4. Originally Posted by harish21
for (3)

$(cosx)^6+(sinx)^6$

$= (cos^{2}x)^3 + (sin^{2}x)^3$

since $(a^3+b^3) = (a+b)(a^2-ab+b^2)$, you can write:

$= (cos^{2}x+sin^{2}x)(cos^{4}x-cos^{2}x. sin^{2}x+sin^{4}x)$

$= 1 (cos^{4}x-cos^{2}x. sin^{2}x+sin^{4}x)$

convert all cosines into sines and your proof will be complete.
When I converted them, I got $1-(sinx)^2+(sinx)^4$, anyone care to help me?

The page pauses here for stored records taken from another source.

lemma ginner_spec_op:
  "ginner K (spec_op K m f) g
     = Re (\<Sum>k\<in>{- int K..int K}. \<Sum>l\<in>{- int K..int K}. m k l * fcoef K f k l * cnj (fcoef K g k l))"
proof -
  let ?I = "{- int K..int K}" and ?G = "{..<gridN K}"
  let ?c = "\<lambda>k l. m k l * fcoef K f k l"
  have Re_mult_real: "Re z * r = Re (complex_of_real r * z)" "r * Re z = Re (complex_of_real r * z)" for z r
    by simp_all
  have "hstep K ^ 2 * real (gridN K ^ 2) = 1"
    by (simp add: hstep_def power_divide gridN_pos)
  then have scale: "complex_of_real (hstep K ^ 2) * of_nat (gridN K ^ 2) = 1"
    by (metis of_real_of_nat_eq of_real_mult of_real_1)
  have "(\<Sum>i\<in>?G. \<Sum>j\<in>?G. spec_op K m f i j * g i j)
      = Re (\<Sum>i\<in>?G. \<Sum>j\<in>?G. complex_of_real (g i j) * (\<Sum>k\<in>?I. \<Sum>l\<in>?I. ?c k l * fourier_mode K k l i j))"
    by (simp only: spec_op_def fourier_mode_def Re_mult_real flip: Re_sum)
  also have "(\<Sum>i\<in>?G. \<Sum>j\<in>?G. complex_of_real (g i j) * (\<Sum>k\<in>?I. \<Sum>l\<in>?I. ?c k l * fourier_mode K k l i j))
      = (\<Sum>i\<in>?G. \<Sum>j\<in>?G. \<Sum>k\<in>?I. \<Sum>l\<in>?I. ?c k l * (complex_of_real (g i j) * fourier_mode K k l i j))"
    by (simp add: sum_distrib_left mult_ac)
  also have "\<dots> = (\<Sum>k\<in>?I. \<Sum>l\<in>?I. ?c k l * (\<Sum>i\<in>?G. \<Sum>j\<in>?G. complex_of_real (g i j) * fourier_mode K k l i j))"
    unfolding sum_distrib_left by (rule sum_swap_pairs)
  also have "\<dots> = of_nat (gridN K ^ 2) * (\<Sum>k\<in>?I. \<Sum>l\<in>?I. ?c k l * cnj (fcoef K g k l))"
    by (simp add: grid_sum_fourier_mode sum_distrib_left mult_ac)
  finally show ?thesis
    unfolding ginner_def by (simp only: Re_mult_real mult.assoc [symmetric] scale mult_1)
qed

lemma ginner_spec_op_skew:
  assumes "\<And>k l. cnj (m k l) = - m k l"
  shows "ginner K (spec_op K m f) g = - ginner K f (spec_op K m g)"
proof -
  have "ginner K f (spec_op K m g) = ginner K (spec_op K m g) f"
    unfolding ginner_def by (simp add: mult.commute)
  also have "\<dots> = Re (cnj (\<Sum>k\<in>{- int K..int K}. \<Sum>l\<in>{- int K..int K}.
                     m k l * fcoef K g k l * cnj (fcoef K f k l)))"
    unfolding ginner_spec_op by (simp only: complex_cnj_cnj cnj.sel(1))
  also have "cnj (\<Sum>k\<in>{- int K..int K}. \<Sum>l\<in>{- int K..int K}. m k l * fcoef K g k l * cnj (fcoef K f k l))
      = - (\<Sum>k\<in>{- int K..int K}. \<Sum>l\<in>{- int K..int K}. m k l * fcoef K f k l * cnj (fcoef K g k l))"
    by (simp add: assms sum_negf mult_ac)
  also have "Re (- (\<Sum>k\<in>{- int K..int K}. \<Sum>l\<in>{- int K..int K}. m k l * fcoef K f k l * cnj (fcoef K g k l)))
      = - ginner K (spec_op K m f) g"
    unfolding ginner_spec_op by (simp only: uminus_complex.sel)
  finally show ?thesis
    by simp
qed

5. Originally Posted by orca432
When I converted them, I got $1-(sinx)^2+(sinx)^4$, anyone care to help me?
$cos^{4}x = (cos^{2}x)^2= (1-sin^{2}x)^2=1-2sin^{2}x+sin^{4}x$

substitute this in what you had earlier on

$1 . (cos^{4}x-cos^{2}x. sin^{2}x+sin^{4}x)$

$=1-2sin^{2}x+sin^{4}x-[(1-sin^{2}x). sin^{2}x]+sin^{4}x$

finish it...

6. Here's a little more.

$\cos^{4}x-\cos^{2}x \sin^{2}x+\sin^{4}x$

$\cos^{2}x\cos^{2}x-\cos^{2}x \sin^{2}x+\sin^{4}x$

$(1-\sin^2{x})(1-\sin^2{x})-(1-\sin^2{x}) \sin^{2}x+\sin^{4}x$

Now expand this.